In T-ALL cells, JPH203 induces several signaling pathways [8]. JPH203 was a strong inducer of the C/EBP homologous protein (CHOP) and the unfolded protein response (UPR) [8]. CHOP is induced in response to endoplasmic reticulum (ER) stress and it promotes apoptosis [30]. The JPH203 induction of CHOP and UPR was rapid (within 2 h of treatment) and it occurred before the other JPH203 effects [8]. The other JPH203 effects occurring after the induction of CHOP were increases in apoptosis, autophagy, and decreases in mTORC1 activation and MYC protein levels [8]. Starving T-ALL cells of amino acids was sufficient to induce CHOP, which is consistent with how JPH203 would induce CHOP [8]. T-ALL cells treated with the UPR inhibitor salubrinal were resistant to JPH203-stimulated increases in CHOP [8]. Salubrinal also restored proliferation, increased cell viability and suppressed apoptosis of T-ALL cells treated with JPH203 [8]. Based on these results, the authors proposed that JHP203 induces T-ALL cell death via the induction of CHOP and UPR [8]. In support of this postulate, JPH203 fails to induce CHOP in a JHP203 resistant T-ALL cell line [8].

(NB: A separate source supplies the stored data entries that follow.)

lemma SU2_sympl:
  assumes "g \<in> SU2"
  shows "g p False * g q False * sympl False False + g p False * g q True * sympl False True +
         g p True * g q False * sympl True False + g p True * g q True * sympl True True = sympl p q"
proof -
  have "g False False * g True True - g False True * g True False = 1"
    using assms by (simp add: SU2_def)
  then show ?thesis
    by (cases p; cases q) (simp_all add: sympl_def algebra_simps)
qed

definition pairing :: "nat \<Rightarrow> bool list \<Rightarrow> complex" where
  "pairing n x = (if length x = 2 * n then (\<Prod>j<n. sympl (x ! j) (x ! (n + j))) else 0)"

lemma pairing_append:
  "length u = n \<Longrightarrow> length v = n \<Longrightarrow> pairing n (u @ v) = (\<Prod>j<n. sympl (u ! j) (v ! j))"
  by (auto simp: pairing_def nth_append intro!: prod.cong)

lemma pairing_permute_list:
  assumes "\<pi> permutes {..<n}" "length u = n" "length v = n"
  shows "pairing n (permute_list \<pi> u @ permute_list \<pi> v) = pairing n (u @ v)"
  using assms prod.permute[OF assms(1), of "\<lambda>j. sympl (u ! j) (v ! j)"]
  by (simp add: pairing_append permute_list_nth comp_def)

lemma tact_pairing:
  assumes "g \<in> SU2"
  shows "tact g (pairing n) = pairing n"
proof
  fix x :: "bool list"
  show "tact g (pairing n) x = pairing n x"
  proof (cases "length x = 2 * n")
    case False
    then show ?thesis by (subst tact_eq_0_if_length) (auto simp: pairing_def)
  next
    case True
    define u0 v0 where "u0 = take n x" and "v0 = drop n x"
    have x: "x = u0 @ v0" and l: "length u0 = n" "length v0 = n"
      using True by (auto simp: u0_def v0_def)
    have "tact g (pairing n) (u0 @ v0) = (\<Sum>u\<in>blists n. \<Sum>v\<in>blists n.
        \<Prod>k<n. g (u0 ! k) (u ! k) * g (v0 ! k) (v ! k) * sympl (u ! k) (v ! k))"
      unfolding tact_append[OF l] by (intro sum.cong refl) (simp add: pairing_append blists_def prod.distrib)
    also have "\<dots> = pairing n (u0 @ v0)"
      using l by (subst sum_prod_blists2[where F = "\<lambda>k a b. g (u0 ! k) a * g (v0 ! k) b * sympl a b"])
        (simp add: SU2_sympl[OF assms] pairing_append)
    finally show ?thesis using x by simp
  qed
qed

definition omega :: "nat \<Rightarrow> bool list \<Rightarrow> complex" where
  "omega n x = (\<Sum>\<pi> | \<pi> permutes {..<n}. pairing n (take n x @ permute_list \<pi> (drop n x)))"

lemma tact_pairing_permute_right:
  assumes g: "g \<in> SU2" and \<pi>: "\<pi> permutes {..<n}"
  shows "tact g (\<lambda>y. pairing n (take n y @ permute_list \<pi> (drop n y))) x =
    pairing n (take n x @ permute_list \<pi> (drop n x))"
proof (cases "length x = 2 * n")
  case False
  then show ?thesis by (subst tact_eq_0_if_length) (auto simp: pairing_def)
next
  case True
  define u0 v0 where "u0 = take n x" and "v0 = drop n x"
  have x: "x = u0 @ v0" and l: "length u0 = n" "length v0 = n"
    using True by (auto simp: u0_def v0_def)
  define P where "P a b = (\<Prod>k<n. g (a ! k) (b ! k))" for a b
  have "tact g (\<lambda>y. pairing n (take n y @ permute_list \<pi> (drop n y))) (u0 @ v0) =
      (\<Sum>u\<in>blists n. P u0 u * (\<Sum>v\<in>blists n. P v0 v * pairing n (u @ permute_list \<pi> v)))"
    unfolding tact_append[OF l] P_def
    by (intro sum.cong refl) (simp add: blists_def sum_distrib_left mult.assoc)
  also have "\<dots> = (\<Sum>u\<in>blists n. P u0 u * (\<Sum>v\<in>blists n. P (permute_list \<pi> v0) v * pairing n (u @ v)))"
    unfolding P_def
    by (intro sum.cong refl arg_cong2[where f = "(*)"] sum_blists_permute_list[OF \<pi> l(2)])
  also have "\<dots> = tact g (pairing n) (u0 @ permute_list \<pi> v0)"
    unfolding tact_append[OF l(1) length_permute_list[of \<pi> v0, unfolded l(2)]] P_def
    by (simp add: sum_distrib_left mult.assoc)
  finally show ?thesis
    using x l by (simp add: tact_pairing[OF g])
qed
(* Let $f=f(x_1,\ldots,x_n)$ be a positive non-canalyzing Boolean function such that for every $i\in[n]$ both restrictions $f_{|x_i=0}$ and $f_{|x_i=1}$ are canalyzing. Then either there exists a minimal one $\mathbf{y}$ of $f$ of Hamming weight $2$ such that $\overline{\mathbf{y}}$ is a maximal zero of $f$, or $n=4$ and $f$ has exactly $6$ extremal points.
   Context: $B=\{0,1\}$, $\preceq$ coordinatewise order on $B^n$; $\overline{\mathbf{x}}$ denotes the complementary point ($(\overline{\mathbf{x}})_i=1$ iff $(\mathbf{x})_i=0$). $f$ is positive if $f(\mathbf{x})=1$ and $\mathbf{x}\preceq\mathbf{y}$ imply $f(\mathbf{y})=1$. Maximal zeros / minimal ones are $\preceq$-maximal false / $\preceq$-minimal true points; extremal points are both kinds together. $f_{|x_i=\alpha}$ is obtained by fixing $x_i=\alpha$. $f$ is canalyzing if for some $i$, $f_{|x_i=0}$ or $f_{|x_i=1}$ is constant. *)

theory Defs
  imports Main
begin

text \<open>A Boolean function on a finite set V of variable indices is modelled as
  f :: (nat \<Rightarrow> bool) \<Rightarrow> bool, evaluated only on the points of B^V, i.e.
  assignments that are False outside V.\<close>

definition points :: "nat set \<Rightarrow> (nat \<Rightarrow> bool) set" where
  "points V = {x. \<forall>j. j \<notin> V \<longrightarrow> \<not> x j}"

definition positive_on :: "nat set \<Rightarrow> ((nat \<Rightarrow> bool) \<Rightarrow> bool) \<Rightarrow> bool" where
  "positive_on V f \<longleftrightarrow> (\<forall>x\<in>points V. \<forall>y\<in>points V. f x \<and> x \<le> y \<longrightarrow> f y)"

definition restr :: "((nat \<Rightarrow> bool) \<Rightarrow> bool) \<Rightarrow> nat \<Rightarrow> bool \<Rightarrow> ((nat \<Rightarrow> bool) \<Rightarrow> bool)" where
  "restr f i a = (\<lambda>x. f (x(i := a)))"

definition constant_on :: "nat set \<Rightarrow> ((nat \<Rightarrow> bool) \<Rightarrow> bool) \<Rightarrow> bool" where
  "constant_on V g \<longleftrightarrow> (\<exists>c. \<forall>x\<in>points V. g x = c)"

definition canalyzing :: "nat set \<Rightarrow> ((nat \<Rightarrow> bool) \<Rightarrow> bool) \<Rightarrow> bool" where
  "canalyzing V f \<longleftrightarrow>
     (\<exists>i\<in>V. constant_on (V - {i}) (restr f i False) \<or> constant_on (V - {i}) (restr f i True))"

definition min_one :: "nat set \<Rightarrow> ((nat \<Rightarrow> bool) \<Rightarrow> bool) \<Rightarrow> (nat \<Rightarrow> bool) \<Rightarrow> bool" where
  "min_one V f x \<longleftrightarrow> x \<in> points V \<and> f x \<and> (\<forall>y\<in>points V. f y \<and> y \<le> x \<longrightarrow> y = x)"

definition max_zero :: "nat set \<Rightarrow> ((nat \<Rightarrow> bool) \<Rightarrow> bool) \<Rightarrow> (nat \<Rightarrow> bool) \<Rightarrow> bool" where
  "max_zero V f x \<longleftrightarrow> x \<in> points V \<and> \<not> f x \<and> (\<forall>y\<in>points V. \<not> f y \<and> x \<le> y \<longrightarrow> y = x)"

definition extremal_points :: "nat set \<Rightarrow> ((nat \<Rightarrow> bool) \<Rightarrow> bool) \<Rightarrow> (nat \<Rightarrow> bool) set" where
  "extremal_points V f = {x. min_one V f x \<or> max_zero V f x}"

definition hweight :: "nat set \<Rightarrow> (nat \<Rightarrow> bool) \<Rightarrow> nat" where
  "hweight V x = card {j\<in>V. x j}"

definition complement :: "nat set \<Rightarrow> (nat \<Rightarrow> bool) \<Rightarrow> (nat \<Rightarrow> bool)" where
  "complement V x = (\<lambda>j. j \<in> V \<and> \<not> x j)"

end

theory Submission
  imports Defs
begin

text \<open>A non-canalyzing positive f is false on every unit vector and true on every
  complement of one, since otherwise fixing that variable would make f constant.
  Canalyzingness of f|x_i=1 then yields a true pair {i,j}, and that of f|x_i=0 a
  false co-pair V - {i,j}.  A true pair whose co-pair is false is the required
  minimal one.  Otherwise the true pairs and the pairs with false co-pair form two
  edge-disjoint families covering V in which every edge of one meets every edge of
  the other, and this forces |V| = 4; there the extremal points are exactly the six
  points of weight 2.\<close>

definition point_of :: "nat set \<Rightarrow> nat \<Rightarrow> bool" where
  "point_of S = (\<lambda>k. k \<in> S)"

The authors also tested how combining JPH203 with other cancer drugs affected T-ALL survival in cell culture [8]. The findings showed that JPH203 interacted synergistically (strongly) with the mTOR inhibitor rapamycin [8]. Its interaction with dexamethasone ranged from being primarily synergistic, but also additive, depending on the drug concentration [8]. When combined with KU0063794 (a dual mTORC1, mTORC2 inhibitor), PI103 (PI3K inhibitor), doxorubicin or bortezomib (proteasome inhibitor) its effects were drug and concentration-dependent and ranged from antagonism to synergistic [8]. Finally, the effect of combining JPH203 with l-asparaginase ranged from antagonism (at high drug concentrations), to additive (at middle drug concentrations), to highly synergistic (lowest drug concentrations) [8]. The effect of JPH203 on other cancer cell types have been tested, and the reported effects have shown that it inhibits the cell cycle and/or promoted apoptosis in cancer cells. Specifically, JPH203 inhibits osteosarcoma [31], cholangiocarcinoma [32], human thymic carcinoma cells [33], and lung cancer cells [3]. Thus, these reports indicate that JPH203 anti-cancer effects could be applicable to other cancers that express LAT1 and that it is not toxic toward normal cells.

11. Conclusions

From all apparent evidence, the LAT1/amino acid signaling pathway in cancer cells is an effective target for cancer therapy. There is still a need for uncovering new ways to target the cancer-specific expression of LAT1, given that LAT1 is important for proper brain function and for the expansion of normal T cells [34,35]. The possibility that targeting LAT1 stimulates the compensatory upregulation of a different LAT transporter (i.e., LAT2, LAT3, or LAT4), or a different transporter system (i.e., SNAT amino acid transporters [29]) in certain cancers also warrants investigation. There is also a need to identify specific biomarkers to predict sensitivity or resistance to LAT1 targeting therapies. Thus, collectively, the LAT1-leucine-signaling pathway in cancer and its therapeutic targeting is still a very active area of research.